(* Let $N$ be an odd positive integer and let $r\ge s\ge 2$, $r'\ge s'\ge2$ with $r\ge r'$ and $s\ge s'$, so that $\Phi_r^s\subset\Phi_{r'}^{s'}$. Then the diagram $$(\Phi_r^s)^{\mathrm{ab}}\to(\Phi_{r'}^{s'})^{\mathrm{ab}},\quad U':(\Phi_r^s)^{\mathrm{ab}}\to(\Phi_{r+1}^s)^{\mathrm{ab}},\quad U':(\Phi_{r'}^{s'})^{\mathrm{ab}}\to(\Phi_{r'+1}^{s'})^{\mathrm{ab}},\quad (\Phi_{r+1}^s)^{\mathrm{ab}}\to(\Phi_{r'+1}^{s'})^{\mathrm{ab}}$$ commutes, i.e. $U'$ followed by the inclusion-induced map $(\Phi_{r+1}^s)^{\mathrm{ab}}\to(\Phi_{r'+1}^{s'})^{\mathrm{ab}}$ equals the inclusion-induced map $(\Phi_r^s)^{\mathrm{ab}}\to(\Phi_{r'}^{s'})^{\mathrm{ab}}$ followed by $U'$. Consequently the Atkin operator $U$ commutes with the inclusion-induced morphism $(\Phi_r^s)^{\mathrm{ab}}\to(\Phi_{r'}^{s'})^{\mathrm{ab}}$.
   Context: For $M\ge1$, $\Gamma_1(M)=\{\begin{pmatrix}a&b\\c&d\end{pmatrix}\in\mathrm{SL}_2(\mathbb{Z}) : c\equiv0,\ a\equiv d\equiv1 \pmod M\}$, $\Gamma_0(M)=\{c\equiv 0\pmod M\}$, and $\Gamma^0(2)=\{\begin{pmatrix}a&b\\c&d\end{pmatrix}\in\mathrm{SL}_2(\mathbb{Z}): b\equiv0\pmod 2\}$. For $r\ge s\ge2$, $\Phi_r^s:=\Gamma_1(N2^s)\cap\Gamma_0(2^r)$; $G^{\mathrm{ab}}$ denotes the abelianization of a group $G$. Let $t=\begin{pmatrix}1&0\\0&2\end{pmatrix}$. Then $\Phi_r^s\cap\Gamma^0(2)$ has index $2$ in $\Phi_r^s$, and $x\mapsto txt^{-1}$ is an isomorphism $\Phi_r^s\cap\Gamma^0(2)\to\Phi_{r+1}^s$. The operator $U':(\Phi_r^s)^{\mathrm{ab}}\to(\Phi_{r+1}^s)^{\mathrm{ab}}$ is the composite of the transfer $V:(\Phi_r^s)^{\mathrm{ab}}\to(\Phi_r^s\cap\Gamma^0(2))^{\mathrm{ab}}$ with the map induced by $x\mapsto txt^{-1}$; the Atkin operator $U\in\mathrm{End}((\Phi_r^s)^{\mathrm{ab}})$ is $U'$ followed by the map $(\Phi_{r+1}^s)^{\mathrm{ab}}\to(\Phi_r^s)^{\mathrm{ab}}$ induced by inclusion. *)

theory Defs
  imports "HOL-Algebra.Algebra"
begin

text \<open>2x2 integer matrices ((a,b),(c,d)) encoded as tuples (a,b,c,d).\<close>
type_synonym mat2 = "int \<times> int \<times> int \<times> int"

fun m2mult :: "mat2 \<Rightarrow> mat2 \<Rightarrow> mat2" where
  "m2mult (a,b,c,d) (e,f,g,h) = (a*e+b*g, a*f+b*h, c*e+d*g, c*f+d*h)"

definition m2one :: mat2 where "m2one = (1,0,0,1)"

definition SL2Z :: "mat2 set" where
  "SL2Z = {(x,y,z,w). x*w - y*z = (1::int)}"

definition matgrp :: "mat2 set \<Rightarrow> mat2 monoid" where
  "matgrp S = \<lparr>carrier = S, monoid.mult = m2mult, one = m2one\<rparr>"

definition Gamma1 :: "int \<Rightarrow> mat2 set" where
  "Gamma1 M = {m \<in> SL2Z. case m of (a,b,c,d) \<Rightarrow> M dvd c \<and> M dvd (a - 1) \<and> M dvd (d - 1)}"

definition Gamma0 :: "int \<Rightarrow> mat2 set" where
  "Gamma0 M = {m \<in> SL2Z. case m of (a,b,c,d) \<Rightarrow> M dvd c}"

definition Gamma0_upper2 :: "mat2 set" where
  "Gamma0_upper2 = {m \<in> SL2Z. case m of (a,b,c,d) \<Rightarrow> (2::int) dvd b}"

definition Phi :: "int \<Rightarrow> nat \<Rightarrow> nat \<Rightarrow> mat2 set" where
  "Phi N r s = Gamma1 (N * 2^s) \<inter> Gamma0 (2^r)"

definition ab :: "mat2 set \<Rightarrow> mat2 set monoid" where
  "ab S = matgrp S Mod derived (matgrp S) S"

definition cls :: "mat2 set \<Rightarrow> mat2 \<Rightarrow> mat2 set" where
  "cls S g = r_coset (matgrp S) (derived (matgrp S) S) g"

definition incl_ab :: "mat2 set \<Rightarrow> mat2 set \<Rightarrow> mat2 set \<Rightarrow> mat2 set" where
  "incl_ab A B C = cls B (SOME g. g \<in> C)"
lemma Jcomb_Jcomb: "Jcomb a (Jcomb a x) = (\<Sum>i=1..m. (a i)\<^sup>2) *\<^sub>R x"
proof -
  have "Jcomb a (Jcomb a x) = (\<Sum>i=1..m. a i *\<^sub>R Jcomb a (J i x))"
    unfolding Jcomb_def[of a x] by (simp add: linear_sum[OF linear_Jcomb] linear_scale[OF linear_Jcomb])
  also have "\<dots> = (\<Sum>i=1..m. (2 * (a i)\<^sup>2) *\<^sub>R x - a i *\<^sub>R J i (Jcomb a x))"
    using Jcomb_J_anticommute
    by (intro sum.cong refl) (simp add: eq_diff_eq power2_eq_square flip: scaleR_add_right)
  also have "\<dots> = (2 * (\<Sum>i=1..m. (a i)\<^sup>2)) *\<^sub>R x - Jcomb a (Jcomb a x)"
    by (simp add: sum_subtractf Jcomb_def[of a "Jcomb a x"] sum_distrib_left scaleR_sum_left)
  finally show ?thesis
    by (simp add: eq_diff_eq flip: scaleR_2) (metis scaleR_cancel_left zero_neq_numeral scaleR_scaleR)
qed

lemma inj_on_J_apply:
  assumes "x \<noteq> 0"
  shows "inj_on (\<lambda>i. J i x) {1..m}"
proof (rule inj_onI, rule ccontr)
  fix i j assume ij: "i \<in> {1..m}" "j \<in> {1..m}" "J i x = J j x" "i \<noteq> j"
  have "J i (J j x) + J j (J i x) = 0" using J_anticommute ij(1,2,4) by auto
  moreover have "J i (J j x) = x" by (metis J_J_self ij(1,3))
  moreover have "J j (J i x) = x" by (metis J_J_self ij(2,3))
  ultimately show False using assms by (simp flip: scaleR_2)
qed
lemma partial_asm_staircase:
  assumes "xs \<in> sorted_lists m n"
  shows "partial_asm m n (of_corner_sums m n (staircase xs))"
  unfolding partial_asm_iff_corner_sum
proof (intro conjI allI impI)
  show "of_corner_sums m n (staircase xs) i j = 0" if "m \<le> i \<or> n \<le> j" for i j
    using that by (auto simp: of_corner_sums_def)
  show "corner_sum n (of_corner_sums m n (staircase xs)) i j -
          corner_sum n (of_corner_sums m n (staircase xs)) i (Suc j) \<in> {0, 1}"
    if "i \<le> m" and "j < n" for i j
    using that by (auto simp: corner_sum_staircase[OF assms] staircase_def)
  show "corner_sum n (of_corner_sums m n (staircase xs)) (Suc i) j -
          corner_sum n (of_corner_sums m n (staircase xs)) i j \<in> {0, 1}"
    if "i < m" and "j \<le> n" for i j
  proof (cases i)
    case (Suc k)
    then have "xs ! k \<le> xs ! i"
      using that assms by (simp add: sorted_lists_def sorted_nth_mono)
    then show ?thesis
      using that Suc by (simp add: corner_sum_staircase[OF assms])
  qed (use that in \<open>simp add: corner_sum_staircase[OF assms]\<close>)
qed

lemma sorted_neq_replicate_0_iff:
  fixes xs :: "nat list"
  assumes "sorted xs"
  shows "xs \<noteq> replicate (length xs) 0 \<longleftrightarrow> xs \<noteq> [] \<and> 0 < last xs"
proof
  assume "xs \<noteq> replicate (length xs) 0"
  then obtain k where k: "k < length xs" "xs ! k \<noteq> 0"
    by (metis replicate_eqI in_set_conv_nth)
  moreover from k have "xs \<noteq> []"
    by auto
  ultimately have "xs ! k \<le> last xs"
    using assms by (simp add: last_conv_nth sorted_nth_mono)
  then show "xs \<noteq> [] \<and> 0 < last xs"
    using k by auto
next
  assume "xs \<noteq> [] \<and> 0 < last xs"
  then show "xs \<noteq> replicate (length xs) 0"
    by (metis last_replicate length_0_conv less_irrefl)
qed

lemma entry_sum_staircase:
  assumes "xs \<in> sorted_lists m n"
  shows "entry_sum m n (of_corner_sums m n (staircase xs)) = of_bool (xs \<noteq> replicate m 0)"
proof -
  have xs: "length xs = m" "sorted xs"
    using assms by (simp_all add: sorted_lists_def)
  have "entry_sum m n (of_corner_sums m n (staircase xs)) = staircase xs m 0"
    by (simp add: entry_sum_eq_corner_sum corner_sum_staircase[OF assms])
  also have "\<dots> = of_bool (xs \<noteq> [] \<and> 0 < last xs)"
  proof (cases "xs = []")
    case False
    then have "0 < m"
      using xs(1) by auto
    then show ?thesis
      using False xs(1) by (simp add: staircase_def last_conv_nth)
  qed (use xs(1) in \<open>simp add: staircase_def\<close>)
  also have "\<dots> = of_bool (xs \<noteq> replicate m 0)"
    using sorted_neq_replicate_0_iff[OF xs(2)] xs(1) by simp
  finally show ?thesis .
qed

lemma inj_on_of_corner_sums_staircase:
  "inj_on (\<lambda>xs. of_corner_sums m n (staircase xs)) (sorted_lists m n)"
proof (rule inj_onI)
  fix xs ys
  assume xs: "xs \<in> sorted_lists m n" and ys: "ys \<in> sorted_lists m n"
    and eq: "of_corner_sums m n (staircase xs) = of_corner_sums m n (staircase ys)"
  have row: "of_bool (j < xs ! k) = (of_bool (j < ys ! k) :: int)" if "k < m" and "j \<le> n" for k j
    using corner_sum_staircase[OF xs, of "Suc k" j] corner_sum_staircase[OF ys, of "Suc k" j] eq that
    by simp
  show "xs = ys"
  proof (rule nth_equalityI)
    show "length xs = length ys"
      using xs ys by (simp add: sorted_lists_def)
    fix k assume "k < length xs"
    then have k: "k < m"
      using xs by (simp add: sorted_lists_def)
    then have "xs ! k \<le> n" "ys ! k \<le> n"
      using xs ys by (simp_all add: sorted_lists_nth_le)
    then show "xs ! k = ys ! k"
      using row[OF k, of "xs ! k"] row[OF k, of "ys ! k"] by (cases "xs ! k < ys ! k") auto
  qed
qed

lemma corner_sum_row_threshold:
  assumes "partial_asm m n A" and "entry_sum m n A = 1" and "i < m"
  shows "\<exists>k\<le>n. \<forall>j\<le>n. corner_sum n A (Suc i) j = of_bool (j < k)"
proof -
  have "corner_sum n A (Suc i) (Suc j) \<le> corner_sum n A (Suc i) j" if "j < n" for j
    using corner_sum_antimono_col[OF assms(1)] assms(3) that by simp
  then obtain k where "k \<le> n" "\<And>j. j \<le> n \<Longrightarrow> corner_sum n A (Suc i) j = of_bool (j < k)"
    using antimono_01_threshold[of n "corner_sum n A (Suc i)"] corner_sum_01[OF assms(1,2)] assms(3)
    by auto
  then show ?thesis
    by blast
qed

lemma partial_asm_sum_one_staircaseE:
  assumes "partial_asm m n A" and "entry_sum m n A = 1"
  obtains xs where "xs \<in> sorted_lists m n" and "A = of_corner_sums m n (staircase xs)"
proof -
  let ?P = "corner_sum n A"
  obtain k where k: "\<And>i. i < m \<Longrightarrow> k i \<le> n"
    and row: "\<And>i j. i < m \<Longrightarrow> j \<le> n \<Longrightarrow> ?P (Suc i) j = of_bool (j < k i)"
    using corner_sum_row_threshold[OF assms] by metis
  define xs where "xs = map k [0..<m]"
  have P_eq: "?P i j = staircase xs i j" if "i \<le> m" and "j \<le> n" for i j
    using that by (cases i) (simp_all add: row xs_def)
  have "k i \<le> k (Suc i)" if "Suc i < m" for i
  proof (rule ccontr)
    assume "\<not> k i \<le> k (Suc i)"
    then have "?P (Suc (Suc i)) (k (Suc i)) < ?P (Suc i) (k (Suc i))"
      using row[of i "k (Suc i)"] row[of "Suc i" "k (Suc i)"] k[of "Suc i"] that by simp
    moreover have "?P (Suc i) (k (Suc i)) \<le> ?P (Suc (Suc i)) (k (Suc i))"
      using corner_sum_mono_row[OF assms(1)] k[of "Suc i"] that by simp
    ultimately show False
      by simp
  qed
  then have "xs \<in> sorted_lists m n"
    using k by (auto simp: sorted_lists_def xs_def sorted_iff_nth_Suc)
  moreover have "A = of_corner_sums m n (staircase xs)"
    using of_corner_sums_corner_sum[of m n A] assms(1) of_corner_sums_cong[OF P_eq]
    by (simp add: partial_asm_iff_corner_sum)
  ultimately show ?thesis
    using that by blast
qed

lemma partial_asm_sum_one_eq_image_staircase:
  "{A. partial_asm m n A \<and> entry_sum m n A = 1} =
     (\<lambda>xs. of_corner_sums m n (staircase xs)) ` (sorted_lists m n - {replicate m 0})"
proof (intro equalityI subsetI)
  fix A assume "A \<in> {A. partial_asm m n A \<and> entry_sum m n A = 1}"
  then have A: "partial_asm m n A" "entry_sum m n A = 1"
    by simp_all
  then obtain xs where xs: "xs \<in> sorted_lists m n" and A_eq: "A = of_corner_sums m n (staircase xs)"
    by (rule partial_asm_sum_one_staircaseE)
  then have "xs \<noteq> replicate m 0"
    using A(2) entry_sum_staircase[OF xs] by auto
  then show "A \<in> (\<lambda>xs. of_corner_sums m n (staircase xs)) ` (sorted_lists m n - {replicate m 0})"
    using xs A_eq by blast
qed (auto simp: partial_asm_staircase entry_sum_staircase)
lemma exists_complex_norming_functional:
  fixes x0 :: "'v::complex_normed_vector"
  obtains G where "clinear G" "\<And>x. cmod (G x) \<le> norm x" "G x0 = complex_of_real (norm x0)"
proof -
  obtain g where g: "linear g" "\<And>x. \<bar>g x\<bar> \<le> norm x" "g x0 = norm x0"
    using exists_norming_functional[of x0] by blast
  define G where "G y = Complex (g y) (- g (\<i> *\<^sub>C y))" for y
  have lin: "clinear G"
    unfolding G_def by (rule clinear_complexification[OF g(1)])
  have bound: "cmod (G x) \<le> norm x" for x
    by (rule cmod_le_norm_if_Re_le_norm[OF lin]) (use g(2) in \<open>simp add: G_def abs_le_iff\<close>)
  have "(norm x0)\<^sup>2 + (Im (G x0))\<^sup>2 \<le> (norm x0)\<^sup>2"
    using power_mono[OF bound[of x0] norm_ge_zero, of 2] g(3) by (simp add: cmod_power2 G_def)
  then have "G x0 = complex_of_real (norm x0)"
    using g(3) by (simp add: complex_eq_iff G_def)
  with lin bound show thesis
    by (rule that)
qed

lemma star_normedD:
  assumes "star_normed invol"
  shows star_normed_add: "invol (x + y) = invol x + invol y"
    and star_normed_scaleC: "invol (c *\<^sub>C x) = cnj c *\<^sub>C invol x"
    and star_normed_involutive: "invol (invol x) = x"
    and star_normed_norm: "norm (invol x) = norm x"
  using assms unfolding star_normed_def by blast+

lemma dual_star_eq_iff: "dual_star invol f = f \<longleftrightarrow> (\<forall>y. cnj (f (invol y)) = f y)"
  by (auto simp: dual_star_def fun_eq_iff)

lemma hermitian_selfadjoint_cnj:
  assumes "dual_star invol f = f" and "invol e = e"
  shows "cnj (f e) = f e"
  using assms by (metis dual_star_eq_iff)

lemma hermitian_decomposition:
  assumes st: "star_normed invol" and G: "clinear G" "\<And>y. cmod (G y) \<le> norm y"
  obtains H1 H2 where "clinear H1" "clinear H2"
    "dual_star invol H1 = H1" "dual_star invol H2 = H2"
    "\<And>y. cmod (H1 y) \<le> norm y" "\<And>y. cmod (H2 y) \<le> norm y"
    "\<And>y. G y = H1 y + \<i> * H2 y"
proof
  let ?G' = "\<lambda>y. cnj (G (invol y))"
  have sum_le: "cmod (G y) + cmod (?G' y) \<le> 2 * norm y" for y
    using G(2)[of y] G(2)[of "invol y"] by (simp add: star_normed_norm[OF st])
  note simps = star_normedD[OF st] clinearD[OF G(1)] dual_star_eq_iff clinear_def
  show "clinear (\<lambda>y. (G y + ?G' y) / 2)" "clinear (\<lambda>y. (G y - ?G' y) / (2 * \<i>))"
    "dual_star invol (\<lambda>y. (G y + ?G' y) / 2) = (\<lambda>y. (G y + ?G' y) / 2)"
    "dual_star invol (\<lambda>y. (G y - ?G' y) / (2 * \<i>)) = (\<lambda>y. (G y - ?G' y) / (2 * \<i>))"
    "G y = (G y + ?G' y) / 2 + \<i> * ((G y - ?G' y) / (2 * \<i>))" for y
    by (simp_all add: simps field_simps)
  show "cmod ((G y + ?G' y) / 2) \<le> norm y" for y
    using norm_triangle_ineq[of "G y" "?G' y"] sum_le[of y] by (simp add: norm_divide)
  show "cmod ((G y - ?G' y) / (2 * \<i>)) \<le> norm y" for y
    using norm_triangle_ineq4[of "G y" "?G' y"] sum_le[of y] by (simp add: norm_divide norm_mult)
qed

lemma exists_hermitian_half_norming_functional:
  assumes "star_normed invol"
  obtains H where "clinear H" "dual_star invol H = H" "\<And>y. cmod (H y) \<le> norm y"
    "norm v \<le> 2 * cmod (H v)"
proof -
  obtain G where G: "clinear G" "\<And>y. cmod (G y) \<le> norm y" "G v = complex_of_real (norm v)"
    using exists_complex_norming_functional[of v] by blast
  obtain H1 H2 where H: "clinear H1" "clinear H2" "dual_star invol H1 = H1" "dual_star invol H2 = H2"
    "\<And>y. cmod (H1 y) \<le> norm y" "\<And>y. cmod (H2 y) \<le> norm y" and GH: "G v = H1 v + \<i> * H2 v"
    using hermitian_decomposition[OF assms G(1,2)] by metis
  have "norm v \<le> cmod (H1 v) + cmod (H2 v)"
    using norm_triangle_ineq[of "H1 v" "\<i> * H2 v"] G(3) GH by (simp add: norm_mult)
  then consider "norm v \<le> 2 * cmod (H1 v)" | "norm v \<le> 2 * cmod (H2 v)"
    by linarith
  then show thesis
    by cases (use that H in blast)+
qed

lemma exists_hermitian_norming_functional_selfadjoint:
  assumes "star_normed invol" and "invol e = e"
  obtains H where "clinear H" "dual_star invol H = H" "\<And>y. cmod (H y) \<le> norm y"
    "H e = complex_of_real (norm e)"
proof -
  obtain G where G: "clinear G" "\<And>y. cmod (G y) \<le> norm y" "G e = complex_of_real (norm e)"
    using exists_complex_norming_functional[of e] by blast
  obtain H1 H2 where H: "clinear H1" "clinear H2" "dual_star invol H1 = H1" "dual_star invol H2 = H2"
    "\<And>y. cmod (H1 y) \<le> norm y" "\<And>y. cmod (H2 y) \<le> norm y" and GH: "G e = H1 e + \<i> * H2 e"
    using hermitian_decomposition[OF assms(1) G(1,2)] by metis
  have "cnj (H1 e) = H1 e" "cnj (H2 e) = H2 e"
    using hermitian_selfadjoint_cnj[OF H(3) assms(2)] hermitian_selfadjoint_cnj[OF H(4) assms(2)] .
  then have "H1 e = complex_of_real (norm e)"
    using G(3) GH by (simp add: complex_eq_iff)
  then show thesis
    using that H by blast
qed

section \<open>The sets \<open>S\<^sub>\<epsilon>\<close> and their polars\<close>

lemma bounded_cfunctional_iff:
  "bounded_cfunctional f \<longleftrightarrow> clinear f \<and> (\<exists>K. \<forall>x. cmod (f x) \<le> norm x * K)"
  unfolding bounded_cfunctional_def clinear_def by blast

lemma bounded_cfunctional_imp_bounded_linear:
  assumes "bounded_cfunctional f"
  shows "bounded_linear f"
proof -
  obtain K where f: "clinear f" and K: "\<And>x. cmod (f x) \<le> norm x * K"
    using assms unfolding bounded_cfunctional_iff by blast
  show ?thesis
  proof (rule bounded_linear_intro[OF clinear_add[OF f] _ K])
    show "f (r *\<^sub>R x) = r *\<^sub>R f x" for r x
      by (simp add: scaleR_scaleC clinear_scaleC[OF f] scaleR_conv_of_real)
  qed
qed

lemma S_eps_memD:
  assumes "f \<in> S_eps invol e \<epsilon>"
  shows S_eps_clinear: "clinear f"
    and S_eps_hermitian: "dual_star invol f = f"
    and S_eps_unit: "f e = 1"
    and S_eps_bound: "cmod (f y) \<le> \<epsilon> * norm y"
    and S_eps_radius_nonneg: "0 \<le> \<epsilon>"
proof -
  have bf: "bounded_cfunctional f" and onorm_le: "onorm f \<le> \<epsilon>"
    using assms unfolding S_eps_def herm_dual_e_def herm_dual_def dual_ball_def by auto
  show "clinear f"
    using bf unfolding bounded_cfunctional_iff by blast
  show "dual_star invol f = f" "f e = 1"
    using assms unfolding S_eps_def herm_dual_e_def herm_dual_def by auto
  have "cmod (f y) \<le> onorm f * norm y"
    using onorm[OF bounded_cfunctional_imp_bounded_linear[OF bf]] by simp
  then show "cmod (f y) \<le> \<epsilon> * norm y"
    by (meson onorm_le mult_right_mono norm_ge_zero order_trans)
  show "0 \<le> \<epsilon>"
    using onorm_pos_le[OF bounded_cfunctional_imp_bounded_linear[OF bf]] onorm_le by linarith
qed
lemma mpow_row_sum:
  assumes "\<And>a. (\<Sum>b\<in>UNIV. W a b) = 1"
  shows "(\<Sum>j\<in>UNIV. mpow W k i j) = 1"
proof (induction k arbitrary: i)
  case (Suc k)
  have "(\<Sum>j\<in>UNIV. mpow W (Suc k) i j) = (\<Sum>l\<in>UNIV. W i l * (\<Sum>j\<in>UNIV. mpow W k l j))"
    by (simp only: mpow.simps sum_distrib_left) (rule sum.swap)
  then show ?case using Suc assms by simp
qed simp

lemma mpow_Suc_ge:
  assumes "\<And>a b. W a b \<ge> 0"
  shows "mpow W (Suc k) i j \<ge> W i l * mpow W k l j"
  using assms mpow_nonneg[of W]
  by (simp add: member_le_sum[of l UNIV "\<lambda>l. W i l * mpow W k l j"])

lemma mpow_pos_add:
  assumes "\<And>i j. W i j \<ge> 0" and "\<And>i. W i i > 0" and "mpow W k i j > 0"
  shows "mpow W (k + d) i j > 0"
proof (induction d)
  case (Suc d)
  have "W i i * mpow W (k + d) i j \<le> mpow W (Suc (k + d)) i j" by (rule mpow_Suc_ge[OF assms(1)])
  moreover have "W i i * mpow W (k + d) i j > 0" using Suc assms(2) by simp
  ultimately show ?case by simp
qed (use assms(3) in simp)

lemma mpow_pos_of_path:
  assumes "\<And>i j. W i j \<ge> 0" and "(j, i) \<in> {(u, v). W v u > 0}\<^sup>*"
  shows "\<exists>k. mpow W k i j > 0"
  using assms(2)
proof (induction rule: rtrancl_induct)
  case base then show ?case by (intro exI[of _ 0]) simp
next
  case (step u i)
  then obtain k where "mpow W k u j > 0" by blast
  then have "W i u * mpow W k u j > 0" using step by simp
  moreover have "W i u * mpow W k u j \<le> mpow W (Suc k) i j" by (rule mpow_Suc_ge[OF assms(1)])
  ultimately show ?case by (intro exI[of _ "Suc k"]) simp
qed

lemma mpow_uniformly_pos:
  fixes W :: "'n::finite \<Rightarrow> 'n \<Rightarrow> real"
  assumes W_nonneg: "\<And>i j. W i j \<ge> 0" and W_diag: "\<And>i. W i i > 0"
    and reach: "\<And>i j. (j, i) \<in> {(u, v). W v u > 0}\<^sup>*"
  obtains N \<delta> where "N > 0" "\<delta> > 0" "\<And>i j. mpow W N i j \<ge> \<delta>"
proof -
  have "\<forall>p. \<exists>k. mpow W k (fst p) (snd p) > 0"
    using mpow_pos_of_path[OF W_nonneg reach] by blast
  then obtain k where k: "\<And>p. mpow W (k p) (fst p) (snd p) > 0"
    by (metis choice)
  define N where "N = Suc (Max (range k))"
  have pos: "mpow W N i j > 0" for i j
  proof -
    have "k (i, j) \<le> Max (range k)" by simp
    then have "N = k (i, j) + (N - k (i, j))" unfolding N_def by arith
    then show ?thesis using mpow_pos_add[OF W_nonneg W_diag k[of "(i, j)"]] by (metis fst_conv snd_conv)
  qed
  define \<delta> where "\<delta> = Min (range (\<lambda>p. mpow W N (fst p) (snd p)))"
  have "\<delta> > 0" unfolding \<delta>_def using pos by (subst Min_gr_iff) auto
  moreover have "mpow W N i j \<ge> \<delta>" for i j
    unfolding \<delta>_def by (rule Min_le) (auto intro: image_eqI[of _ _ "(i, j)"])
  ultimately show thesis using that[of N \<delta>] by (simp add: N_def)
qed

• • • • • • •

The reply should hold only the lines of the listing above starting at the line containing "corner_sum n (of_corner_sums m n (staircase xs)) i (Suc" and ending at the line containing "using assms by (simp_all", exactly as written.

          corner_sum n (of_corner_sums m n (staircase xs)) i (Suc j) \<in> {0, 1}"
    if "i \<le> m" and "j < n" for i j
    using that by (auto simp: corner_sum_staircase[OF assms] staircase_def)
  show "corner_sum n (of_corner_sums m n (staircase xs)) (Suc i) j -
          corner_sum n (of_corner_sums m n (staircase xs)) i j \<in> {0, 1}"
    if "i < m" and "j \<le> n" for i j
  proof (cases i)
    case (Suc k)
    then have "xs ! k \<le> xs ! i"
      using that assms by (simp add: sorted_lists_def sorted_nth_mono)
    then show ?thesis
      using that Suc by (simp add: corner_sum_staircase[OF assms])
  qed (use that in \<open>simp add: corner_sum_staircase[OF assms]\<close>)
qed

lemma sorted_neq_replicate_0_iff:
  fixes xs :: "nat list"
  assumes "sorted xs"
  shows "xs \<noteq> replicate (length xs) 0 \<longleftrightarrow> xs \<noteq> [] \<and> 0 < last xs"
proof
  assume "xs \<noteq> replicate (length xs) 0"
  then obtain k where k: "k < length xs" "xs ! k \<noteq> 0"
    by (metis replicate_eqI in_set_conv_nth)
  moreover from k have "xs \<noteq> []"
    by auto
  ultimately have "xs ! k \<le> last xs"
    using assms by (simp add: last_conv_nth sorted_nth_mono)
  then show "xs \<noteq> [] \<and> 0 < last xs"
    using k by auto
next
  assume "xs \<noteq> [] \<and> 0 < last xs"
  then show "xs \<noteq> replicate (length xs) 0"
    by (metis last_replicate length_0_conv less_irrefl)
qed

lemma entry_sum_staircase:
  assumes "xs \<in> sorted_lists m n"
  shows "entry_sum m n (of_corner_sums m n (staircase xs)) = of_bool (xs \<noteq> replicate m 0)"
proof -
  have xs: "length xs = m" "sorted xs"
    using assms by (simp_all add: sorted_lists_def)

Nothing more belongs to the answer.